Pops finally got his shop back in order and started putting out some axes. Latest badboy is based off an early strat. He hasnt put the hardware or finishing touches but man she came out nice. Customer is gunna blow a gasket when they get it.

Beachwood book matched top from our property is just awesome.

Mahogany back

bolt on, flame maple neck with hand cut ebony fingerboard.

Body has some special touches only a player would appreciate like over cut recess on the back around the neck for easier high fret access.
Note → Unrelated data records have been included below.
lemma primitive_on_neg:
  assumes f: "primitive_on T g f" and "f T < 0" "0 \<le> K"
    and rate: "AE t in lborel. t \<in> {0..T} \<longrightarrow> f t \<le> 0 \<longrightarrow> K * f t \<le> g t"
  shows "\<forall>t\<in>{0..T}. f t < 0"
proof (rule ccontr)
  assume "\<not> ?thesis"
  then obtain t0 where t0: "t0 \<in> {0..T}" "0 \<le> f t0" by force
  have cont: "continuous_on {t0..T} f"
    by (rule continuous_on_subset[OF primitive_on_continuous[OF f]]) (use t0 in auto)
  \<comment> \<open>\<open>s\<close> is the last time at which \<open>f\<close> is nonnegative; the rate bound keeps \<open>f\<close> at zero just after it.\<close>
  define S where "S = {t0..T} \<inter> f -` {0..}"
  define s where "s = Sup S"
  have "s \<in> S" unfolding s_def
    by (rule closed_contains_Sup) (use t0 cont in \<open>auto simp: S_def intro: continuous_closed_preimage\<close>)
  then have s: "t0 \<le> s" "s < T" "0 \<le> f s"
    using assms(2) by (auto simp: S_def order.order_iff_strict)
  have after: "f t < 0" if "s < t" "t \<le> T" for t
  proof (rule ccontr)
    assume "\<not> f t < 0"
    then have "t \<in> S" using that s by (auto simp: S_def)
    then have "t \<le> s" unfolding s_def by (rule cSup_upper) (auto simp: S_def)
    then show False using that(1) by simp
  qed
  have "f s = 0"
  proof (rule ccontr)
    assume "f s \<noteq> 0"
    moreover obtain z where "s \<le> z" "z \<le> T" "f z = 0"
      using IVT2'[of f T 0 s] assms(2) s cont by (force intro: continuous_on_subset)
    ultimately show False using after s(3) by (cases "z = s") force+
  qed
  define q where "q = min T (s + 1 / (K + 1))"
  have "s < q" using s(2) assms(3) by (simp add: q_def)
  have "K * (q - s) \<le> K * (1 / (K + 1))" using assms(3) by (intro mult_left_mono) (auto simp: q_def)
  also have "\<dots> < 1" using assms(3) by simp
  finally have short: "K * (q - s) < 1" .
  have nonpos: "\<And>t. t \<in> {s..q} \<Longrightarrow> f t \<le> 0"
    using after \<open>f s = 0\<close> by (force simp: q_def)
  have "AE t in lborel. t \<in> {s..q} \<longrightarrow> K * f t \<le> g t"
    using rate by (rule AE_mp) (use nonpos t0 s in \<open>auto simp: q_def intro!: AE_I2\<close>)
  then have "\<forall>t\<in>{s..q}. f t = 0"
    using t0 s \<open>f s = 0\<close> nonpos assms(3) short
    by (intro vanishes_on_short_interval_nonpos[of f s q K g] continuous_on_subset[OF cont]
        primitive_on_has_integral[OF f]) (auto simp: q_def)
  then show False using after[of q] \<open>s < q\<close> by (auto simp: q_def)
qed
(* Let $f:[0,\infty)\to[0,\infty)$ be a continuous and non-decreasing function, and let $(x_N)_{N\in\mathbb{N}}$ be a sequence in $[0,1)$. Suppose there exist some $k\in\mathbb{N}$ and infinitely many $N\in\mathbb{N}$ such that the finite point set $x_1,\ldots,x_N$ has at most $k$ distinct gap lengths. Then $(x_N)_{N\in\mathbb{N}}$ does not have $f$-pair correlations; that is, it is not the case that \[ \lim_{N\to\infty}\frac{1}{N}\,\#\left\{1\le i\neq j\le N \;\middle|\; \|x_i-x_j\|\le \frac{s}{N}\right\} = f(s) \] holds for all $s\ge 0$.
   Context: Points of $[0,1)$ are regarded as points of the torus $\mathbb{T}^1=[0,1]/\sim$ (with $0$ and $1$ identified). For $x\in\mathbb{R}$, $\|x\|=\min\{|x-z| : z\in\mathbb{Z}\}$ denotes the distance to the nearest integer. For $s\ge 0$ and $N\in\mathbb{N}$, set $R(s,N)=\#\{1\le i\neq j\le N : \|x_i-x_j\|\le s/N\}$ (counting ordered pairs of distinct indices). A sequence has $f$-pair correlations if $\lim_{N\to\infty}\frac1N R(s,N)=f(s)$ for all $s\ge0$. The gap lengths of a finite point set $x_1,\ldots,x_N$ in $\mathbb{T}^1$ are the distances between neighboring elements on the circle: if $y_1\le y_2\le\cdots\le y_N$ is the nondecreasing rearrangement of $x_1,\ldots,x_N$ (repeated points allowed, so a gap length may be $0$), the gap lengths are the values $\|y_{i+1}-y_i\|$ for $1\le i\le N$, where $y_{N+1}:=y_1$. *)

theory Defs
  imports "HOL-Analysis.Analysis"
begin

definition nint_dist :: "real \<Rightarrow> real" where
  "nint_dist x = (INF z::int. \<bar>x - of_int z\<bar>)"

definition pair_count :: "(nat \<Rightarrow> real) \<Rightarrow> real \<Rightarrow> nat \<Rightarrow> nat" where
  "pair_count x s N = card {(i, j). i \<in> {1..N} \<and> j \<in> {1..N} \<and> i \<noteq> j \<and>
      nint_dist (x i - x j) \<le> s / real N}"

text \<open>Gap lengths of x_1,...,x_N on the circle (cyclic neighbours of the sorted list).\<close>
definition gap_lengths :: "(nat \<Rightarrow> real) \<Rightarrow> nat \<Rightarrow> real set" where
  "gap_lengths x N = (let y = sort (map x [1..<N+1]) in
      {nint_dist (y ! ((i + 1) mod N) - y ! i) | i. i < N})"

end

theory Submission
  imports Defs "HOL-Combinatorics.Permutations"
begin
She'll have D allen pickups, sperzel locking tuners(black) hipshot hard tail bridge,

I didnt get any pictures of the next one on the bench but it has a highly figured persimmon top(think random zebrawood) and a flame maple laminated neck.

Freakin bad arse


----------



## SetDaHook (Oct 21, 2010)

Awesome looking guitars. Great work!!


----------



## budreau (Jun 21, 2009)

very nice. sent you a p.m.


----------



## JuiceGoose (Oct 4, 2006)

Got ya budreau. Looking forward to hearing from ya


----------



## kneekap (Nov 13, 2012)

All that technical jargon lost me; but durn, that is a beautiful piece of work!


----------



## Whitebassfisher (May 4, 2007)

I used to work at a refinery with a guy who was also a luthier. His inlay work with mother or pearl or abalone was incredible. His name was Bill Badeaux. He made acoustic guitars truly from scratch, and was a real craftsman. That type work is incredible.


----------